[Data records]
_____

(* If $\mathcal{G}_1=([n],\mathcal{E}_1)$ and $\mathcal{G}_2=([n],\mathcal{E}_2)$ are simple plurigraphs with $Y_{\mathcal{G}_1}=Y_{\mathcal{G}_2}$, then $\mathcal{E}_1=\mathcal{E}_2$; that is, a simple plurigraph $\mathcal{G}$ can be reconstructed from $Y_{\mathcal{G}}$.
   Context: A graph $(V,E)$ has $E$ a multiset of unordered pairs of (not necessarily distinct) vertices. A plurigraph $\mathcal{G}=(V,\mathcal{E})$ has $\mathcal{E}$ a finite multiset of graphs $(V,E)$ on the vertex set $V$ with $E\neq\emptyset$. A proper coloring is $f:V\to\mathbb{P}=\{1,2,\dots\}$ such that every $(V,E)\in\mathcal{E}$ contains an edge $uv$ with $f(u)\ne f(v)$; for $V=[n]$, $Y_{\mathcal{G}}=\sum_f y_{f(1)}\cdots y_{f(n)}$ over proper colorings, in noncommuting variables $y_1,y_2,\dots$. For graphs $G_1,G_2$ on $V$, $G_1\prec G_2$ means every connected component of $G_1$ is contained in some connected component of $G_2$. $\mathcal{G}$ is a simple plurigraph if (i) for each $G\in\mathcal{E}$, every connected component of $G$ is a (simple, loopless) complete graph, and (ii) there do not exist two distinct members $G_1\ne G_2$ of $\mathcal{E}$ with $G_1\prec G_2$ (so in particular no pluriedge occurs twice). *)

theory Defs
  imports Main "HOL-Library.Multiset" "HOL-Library.Uprod" "HOL-Library.FuncSet"
begin

text \<open>A graph on the vertex set [n] = {1..n}: a multiset of unordered pairs
(loops Upair v v allowed). A plurigraph on [n]: a finite multiset of such graphs.\<close>

type_synonym graph = "nat uprod multiset"
type_synonym plurigraph = "graph multiset"

definition is_graph :: "nat \<Rightarrow> graph \<Rightarrow> bool" where
  "is_graph n G \<longleftrightarrow> (\<forall>e\<in>#G. set_uprod e \<subseteq> {1..n})"

definition is_plurigraph :: "nat \<Rightarrow> plurigraph \<Rightarrow> bool" where
  "is_plurigraph n \<E> \<longleftrightarrow> (\<forall>G\<in>#\<E>. is_graph n G \<and> G \<noteq> {#})"

definition adj :: "graph \<Rightarrow> nat \<Rightarrow> nat \<Rightarrow> bool" where
  "adj G u v \<longleftrightarrow> Upair u v \<in># G"

definition components :: "nat \<Rightarrow> graph \<Rightarrow> nat set set" where
  "components n G = {{u \<in> {1..n}. (adj G)\<^sup>*\<^sup>* v u} | v. v \<in> {1..n}}"

definition prec :: "nat \<Rightarrow> graph \<Rightarrow> graph \<Rightarrow> bool" where
  "prec n G1 G2 \<longleftrightarrow> (\<forall>C\<in>components n G1. \<exists>D\<in>components n G2. C \<subseteq> D)"

definition complete_components :: "nat \<Rightarrow> graph \<Rightarrow> bool" where
  "complete_components n G \<longleftrightarrow>
     (\<forall>e. count G e \<le> 1) \<and> (\<forall>u. Upair u u \<notin># G) \<and>
     (\<forall>C\<in>components n G. \<forall>u\<in>C. \<forall>v\<in>C. u \<noteq> v \<longrightarrow> Upair u v \<in># G)"

definition simple_plurigraph :: "nat \<Rightarrow> plurigraph \<Rightarrow> bool" where
  "simple_plurigraph n \<E> \<longleftrightarrow> is_plurigraph n \<E> \<and>
     (\<forall>G\<in>#\<E>. complete_components n G) \<and>
     (\<forall>G. count \<E> G \<le> 1) \<and>
     (\<forall>G1\<in>#\<E>. \<forall>G2\<in>#\<E>. G1 \<noteq> G2 \<longrightarrow> \<not> prec n G1 G2)"

definition proper_coloring :: "nat \<Rightarrow> plurigraph \<Rightarrow> (nat \<Rightarrow> nat) \<Rightarrow> bool" where
  "proper_coloring n \<E> f \<longleftrightarrow> f \<in> {1..n} \<rightarrow>\<^sub>E {1..} \<and>
     (\<forall>G\<in>#\<E>. \<exists>u v. Upair u v \<in># G \<and> f u \<noteq> f v)"

text \<open>Y_G as a noncommutative formal power series in y_1, y_2, ...: represented by its
coefficient function on words (monomials y_{w_1}...y_{w_k} encoded as lists w).\<close>
definition Y :: "nat \<Rightarrow> plurigraph \<Rightarrow> nat list \<Rightarrow> nat" where
  "Y n \<E> w = card {f. proper_coloring n \<E> f \<and> map f [1..<n+1] = w}"

end

theory Submission
  imports Defs
begin

text \<open>For a graph \<open>G\<close> of \<open>\<E>\<close>, colour every vertex by the least vertex of its component.
  This colouring is monochromatic on every edge of \<open>G\<close>, hence improper for \<open>\<E>\<close>; so if
  \<open>Y\<^sub>\<E>\<^sub>1 = Y\<^sub>\<E>\<^sub>2\<close> (which forces both plurigraphs to have the same proper colourings) some
  \<open>G' \<in> \<E>\<^sub>2\<close> has all its edges inside components of \<open>G\<close>. Going back and forth yields
  \<open>G'' \<in> \<E>\<^sub>1\<close> with \<open>G'' \<prec> G\<close>, so \<open>G'' = G\<close> by simplicity, and completeness of the
  components then forces \<open>G' = G\<close>.\<close>

lemma symp_adj: "symp (adj G)"
  by (rule sympI) (metis adj_def Upair_inject)

lemma equivp_connected: "equivp (adj G)\<^sup>*\<^sup>*"
  by (rule equivp_rtranclp[OF symp_adj])

lemma is_graph_edge_in_range:
  "is_graph n G \<Longrightarrow> Upair u v \<in># G \<Longrightarrow> u \<in> {1..n} \<and> v \<in> {1..n}"
  unfolding is_graph_def by fastforce

lemma connected_in_range:
  assumes "is_graph n G" "(adj G)\<^sup>*\<^sup>* v w"
  shows "w = v \<or> w \<in> {1..n}"
  using assms(2)
proof induction
  case (step y z)
  then show ?case
    using is_graph_edge_in_range[OF assms(1)] by (simp add: adj_def)
qed simp

lemma complete_components_edge_if_connected:
  assumes "complete_components n G" "u \<in> {1..n}" "v \<in> {1..n}" "u \<noteq> v" "(adj G)\<^sup>*\<^sup>* u v"
  shows "Upair u v \<in># G"
proof -
  define C where "C = {w \<in> {1..n}. (adj G)\<^sup>*\<^sup>* u w}"
  have "C \<in> components n G"
    using assms(2) unfolding components_def C_def by blast
  moreover have "u \<in> C" "v \<in> C"
    using assms(2,3,5) unfolding C_def by auto
  moreover have "\<forall>C\<in>components n G. \<forall>u\<in>C. \<forall>v\<in>C. u \<noteq> v \<longrightarrow> Upair u v \<in># G"
    using assms(1) unfolding complete_components_def by simp
  ultimately show ?thesis
    using assms(4) by blast
qed

lemma multiset_eq_if_set_mset_eq_count_le_1:
  assumes "\<And>x. count A x \<le> 1" "\<And>x. count B x \<le> 1" "set_mset A = set_mset B"
  shows "A = B"
proof (rule multiset_eqI)
  fix x
  have "count A x > 0 \<longleftrightarrow> count B x > 0"
    using assms(3) by (metis count_greater_zero_iff)
  then show "count A x = count B x"
    using assms(1,2)[of x] by linarith
qed

definition edges_in_components :: "graph \<Rightarrow> graph \<Rightarrow> bool" where
  "edges_in_components G' G \<longleftrightarrow> adj G' \<le> (adj G)\<^sup>*\<^sup>*"

lemma edges_in_components_connected:
  "edges_in_components G' G \<Longrightarrow> (adj G')\<^sup>*\<^sup>* \<le> (adj G)\<^sup>*\<^sup>*"
  unfolding edges_in_components_def by (metis rtranclp_idemp rtranclp_mono)

lemma edges_in_components_trans:
  "edges_in_components G'' G' \<Longrightarrow> edges_in_components G' G \<Longrightarrow> edges_in_components G'' G"
  using edges_in_components_connected unfolding edges_in_components_def
  by (metis order_trans)

lemma prec_if_edges_in_components:
  assumes "edges_in_components G' G"
  shows "prec n G' G"
  unfolding prec_def components_def
proof clarify
  fix v assume "v \<in> {1..n}"
  then have "{u \<in> {1..n}. (adj G)\<^sup>*\<^sup>* v u} \<in> {{u \<in> {1..n}. (adj G)\<^sup>*\<^sup>* v u} |v. v \<in> {1..n}}"
    by blast
  moreover have "{u \<in> {1..n}. (adj G')\<^sup>*\<^sup>* v u} \<subseteq> {u \<in> {1..n}. (adj G)\<^sup>*\<^sup>* v u}"
    using edges_in_components_connected[OF assms] by blast
  ultimately show "\<exists>D\<in>{{u \<in> {1..n}. (adj G)\<^sup>*\<^sup>* v u} |v. v \<in> {1..n}}.
      {u \<in> {1..n}. (adj G')\<^sup>*\<^sup>* v u} \<subseteq> D"
    by blast
qed

lemma set_mset_subset_if_edges_in_components:
  assumes "is_graph n G'" "complete_components n G'" "complete_components n G"
    and "edges_in_components G' G"
  shows "set_mset G' \<subseteq> set_mset G"
proof
  fix e assume "e \<in># G'"
  then obtain u v where e: "e = Upair u v" "Upair u v \<in># G'"
    by (cases e) auto
  have "u \<noteq> v"
    using e(2) assms(2) unfolding complete_components_def by blast
  moreover have "(adj G)\<^sup>*\<^sup>* u v"
    using e(2) assms(4) unfolding edges_in_components_def by (simp add: adj_def le_fun_def)
  ultimately show "e \<in># G"
    using complete_components_edge_if_connected[OF assms(3)]
      is_graph_edge_in_range[OF assms(1) e(2)] e(1) by simp
qed

lemma edges_in_components_antisym:
  assumes "is_graph n G" "complete_components n G"
    and "is_graph n G'" "complete_components n G'"
    and "edges_in_components G G'" "edges_in_components G' G"
  shows "G = G'"
proof (rule multiset_eq_if_set_mset_eq_count_le_1)
  show "count G x \<le> 1" "count G' x \<le> 1" for x
    using assms(2,4) by (simp_all add: complete_components_def)
  show "set_mset G = set_mset G'"
    using set_mset_subset_if_edges_in_components[OF assms(1,2,4,5)]
      set_mset_subset_if_edges_in_components[OF assms(3,4,2,6)] by (rule subset_antisym)
qed

lemma PiE_eq_if_map_upt_eq:
  assumes "f \<in> {1..n} \<rightarrow>\<^sub>E A" "g \<in> {1..n} \<rightarrow>\<^sub>E B" "map f [1..<n+1] = map g [1..<n+1]"
  shows "f = g"
proof
  fix x
  show "f x = g x"
  proof (cases "x \<in> {1..n}")
    case True
    then have "x \<in> set [1..<n+1]"
      by auto
    moreover have "\<forall>y\<in>set [1..<n+1]. f y = g y"
      using assms(3) by (simp only: map_eq_conv)
    ultimately show ?thesis
      by blast
  next
    case False
    then show ?thesis
      using PiE_arb[OF assms(1)] PiE_arb[OF assms(2)] by metis
  qed
qed

lemma Y_coloring_word:
  assumes "f \<in> {1..n} \<rightarrow>\<^sub>E {1..}"
  shows "Y n \<E> (map f [1..<n+1]) = (if proper_coloring n \<E> f then 1 else 0)"
proof -
  have "g = f" if "proper_coloring n \<E> g" "map g [1..<n+1] = map f [1..<n+1]" for g
    using that PiE_eq_if_map_upt_eq[OF _ assms] unfolding proper_coloring_def by blast
  then have "{g. proper_coloring n \<E> g \<and> map g [1..<n+1] = map f [1..<n+1]}
          = (if proper_coloring n \<E> f then {f} else {})"
    by auto
  then show ?thesis
    unfolding Y_def by simp
qed

lemma proper_coloring_eq_if_Y_eq:
  assumes "Y n \<E>1 = Y n \<E>2"
  shows "proper_coloring n \<E>1 = proper_coloring n \<E>2"
proof
  fix f
  have "proper_coloring n \<E> f \<longleftrightarrow>
          f \<in> {1..n} \<rightarrow>\<^sub>E {1..} \<and> Y n \<E> (map f [1..<n+1]) = 1" for \<E>
  proof (cases "f \<in> {1..n} \<rightarrow>\<^sub>E {1..}")
    case True
    then show ?thesis
      using Y_coloring_word[OF True] by simp
  next
    case False
    then show ?thesis
      unfolding proper_coloring_def by simp
  qed
  then show "proper_coloring n \<E>1 f = proper_coloring n \<E>2 f"
    using assms by simp
qed

definition component_coloring :: "nat \<Rightarrow> graph \<Rightarrow> nat \<Rightarrow> nat" where
  "component_coloring n G v = (if v \<in> {1..n} then LEAST w. (adj G)\<^sup>*\<^sup>* v w else undefined)"

lemma component_coloring_PiE:
  assumes "is_graph n G"
  shows "component_coloring n G \<in> {1..n} \<rightarrow>\<^sub>E {1..}"
proof (rule PiE_I)
  fix v assume v: "v \<in> {1..n}"
  have "(adj G)\<^sup>*\<^sup>* v (LEAST w. (adj G)\<^sup>*\<^sup>* v w)"
    by (rule LeastI[of _ v]) simp
  then show "component_coloring n G v \<in> {1..}"
    using connected_in_range[OF assms] v unfolding component_coloring_def by fastforce
qed (auto simp: component_coloring_def)

lemma component_coloring_eq_iff:
  assumes "u \<in> {1..n}" "v \<in> {1..n}"
  shows "component_coloring n G u = component_coloring n G v \<longleftrightarrow> (adj G)\<^sup>*\<^sup>* u v"
proof -
  let ?R = "(adj G)\<^sup>*\<^sup>*"
  have R: "?R x y \<longleftrightarrow> ?R x = ?R y" for x y
    using equivp_connected by (simp add: equivp_def)
  have least: "?R x (Least (?R x))" for x
    by (rule LeastI[of _ x]) simp
  have "?R u = ?R v" if "Least (?R u) = Least (?R v)"
  proof -
    have "?R u = ?R (Least (?R u))" "?R v = ?R (Least (?R u))"
      using least[of u] least[of v] that R by metis+
    then show ?thesis
      by simp
  qed
  then have "Least (?R u) = Least (?R v) \<longleftrightarrow> ?R u = ?R v"
    by auto
  then show ?thesis
    using assms R unfolding component_coloring_def by simp
qed

lemma not_proper_component_coloring:
  assumes "is_plurigraph n \<E>" "G \<in># \<E>"
  shows "\<not> proper_coloring n \<E> (component_coloring n G)"
proof
  assume "proper_coloring n \<E> (component_coloring n G)"
  then obtain u v where "Upair u v \<in># G" "component_coloring n G u \<noteq> component_coloring n G v"
    using assms(2) unfolding proper_coloring_def by blast
  moreover have "is_graph n G"
    using assms unfolding is_plurigraph_def by blast
  ultimately show False
    using component_coloring_eq_iff is_graph_edge_in_range
    by (metis adj_def r_into_rtranclp)
qed

lemma ex_edges_in_components_if_same_proper_colorings:
  assumes "is_plurigraph n \<E>1" "is_plurigraph n \<E>2"
    and "proper_coloring n \<E>1 = proper_coloring n \<E>2" "G \<in># \<E>1"
  shows "\<exists>G'\<in>#\<E>2. edges_in_components G' G"
proof -
  let ?f = "component_coloring n G"
  have "?f \<in> {1..n} \<rightarrow>\<^sub>E {1..}"
    using assms(1,4) component_coloring_PiE unfolding is_plurigraph_def by blast
  moreover have "\<not> proper_coloring n \<E>2 ?f"
    using not_proper_component_coloring[OF assms(1,4)] assms(3) by simp
  ultimately obtain G' where G': "G' \<in># \<E>2" "\<forall>u v. Upair u v \<in># G' \<longrightarrow> ?f u = ?f v"
    unfolding proper_coloring_def by blast
  have "is_graph n G'"
    using assms(2) G'(1) unfolding is_plurigraph_def by blast
  then have "edges_in_components G' G"
    using G'(2) is_graph_edge_in_range component_coloring_eq_iff
    unfolding edges_in_components_def by (auto simp: adj_def)
  with G'(1) show ?thesis ..
qed

lemma mem_if_same_proper_colorings:
  assumes s1: "simple_plurigraph n \<E>1" and s2: "simple_plurigraph n \<E>2"
    and same: "proper_coloring n \<E>1 = proper_coloring n \<E>2" and G: "G \<in># \<E>1"
  shows "G \<in># \<E>2"
proof -
  have p: "is_plurigraph n \<E>1" "is_plurigraph n \<E>2"
    using s1 s2 unfolding simple_plurigraph_def by blast+
  obtain G' where G': "G' \<in># \<E>2" "edges_in_components G' G"
    using ex_edges_in_components_if_same_proper_colorings[OF p same G] by blast
  obtain G'' where G'': "G'' \<in># \<E>1" "edges_in_components G'' G'"
    using ex_edges_in_components_if_same_proper_colorings[OF p(2,1) same[symmetric] G'(1)] by blast
  have "prec n G'' G"
    using edges_in_components_trans[OF G''(2) G'(2)] by (rule prec_if_edges_in_components)
  then have "G'' = G"
    using s1 G G''(1) unfolding simple_plurigraph_def by blast
  moreover have "is_graph n G" "complete_components n G"
    using s1 G unfolding simple_plurigraph_def is_plurigraph_def by auto
  moreover have "is_graph n G'" "complete_components n G'"
    using s2 G'(1) unfolding simple_plurigraph_def is_plurigraph_def by auto
  ultimately have "G = G'"
    using edges_in_components_antisym G'(2) G''(2) by blast
  with G'(1) show ?thesis by simp
qed

theorem proposition4p1:
  fixes n :: nat and \<E>1 \<E>2 :: plurigraph
  assumes "simple_plurigraph n \<E>1" and "simple_plurigraph n \<E>2"
    and "Y n \<E>1 = Y n \<E>2"
  shows "\<E>1 = \<E>2"
proof -
  have same: "proper_coloring n \<E>1 = proper_coloring n \<E>2"
    using assms(3) by (rule proper_coloring_eq_if_Y_eq)
  have "set_mset \<E>1 = set_mset \<E>2"
    using mem_if_same_proper_colorings[OF assms(1,2) same]
      mem_if_same_proper_colorings[OF assms(2,1) same[symmetric]] by blast
  moreover have "count \<E>1 G \<le> 1" "count \<E>2 G \<le> 1" for G
    using assms(1,2) unfolding simple_plurigraph_def by blast+
  ultimately show ?thesis
    using multiset_eq_if_set_mset_eq_count_le_1 by blast
qed

end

_____

| TO DO |
Among the entries above, locate the lines containing "qed (auto simp: component_coloring_def)" and "G u \<noteq>", and transcribe exactly those two lines and all lines between.

| ANSWER TO THIS EXERCISE |
qed (auto simp: component_coloring_def)

lemma component_coloring_eq_iff:
  assumes "u \<in> {1..n}" "v \<in> {1..n}"
  shows "component_coloring n G u = component_coloring n G v \<longleftrightarrow> (adj G)\<^sup>*\<^sup>* u v"
proof -
  let ?R = "(adj G)\<^sup>*\<^sup>*"
  have R: "?R x y \<longleftrightarrow> ?R x = ?R y" for x y
    using equivp_connected by (simp add: equivp_def)
  have least: "?R x (Least (?R x))" for x
    by (rule LeastI[of _ x]) simp
  have "?R u = ?R v" if "Least (?R u) = Least (?R v)"
  proof -
    have "?R u = ?R (Least (?R u))" "?R v = ?R (Least (?R u))"
      using least[of u] least[of v] that R by metis+
    then show ?thesis
      by simp
  qed
  then have "Least (?R u) = Least (?R v) \<longleftrightarrow> ?R u = ?R v"
    by auto
  then show ?thesis
    using assms R unfolding component_coloring_def by simp
qed

lemma not_proper_component_coloring:
  assumes "is_plurigraph n \<E>" "G \<in># \<E>"
  shows "\<not> proper_coloring n \<E> (component_coloring n G)"
proof
  assume "proper_coloring n \<E> (component_coloring n G)"
  then obtain u v where "Upair u v \<in># G" "component_coloring n G u \<noteq> component_coloring n G v"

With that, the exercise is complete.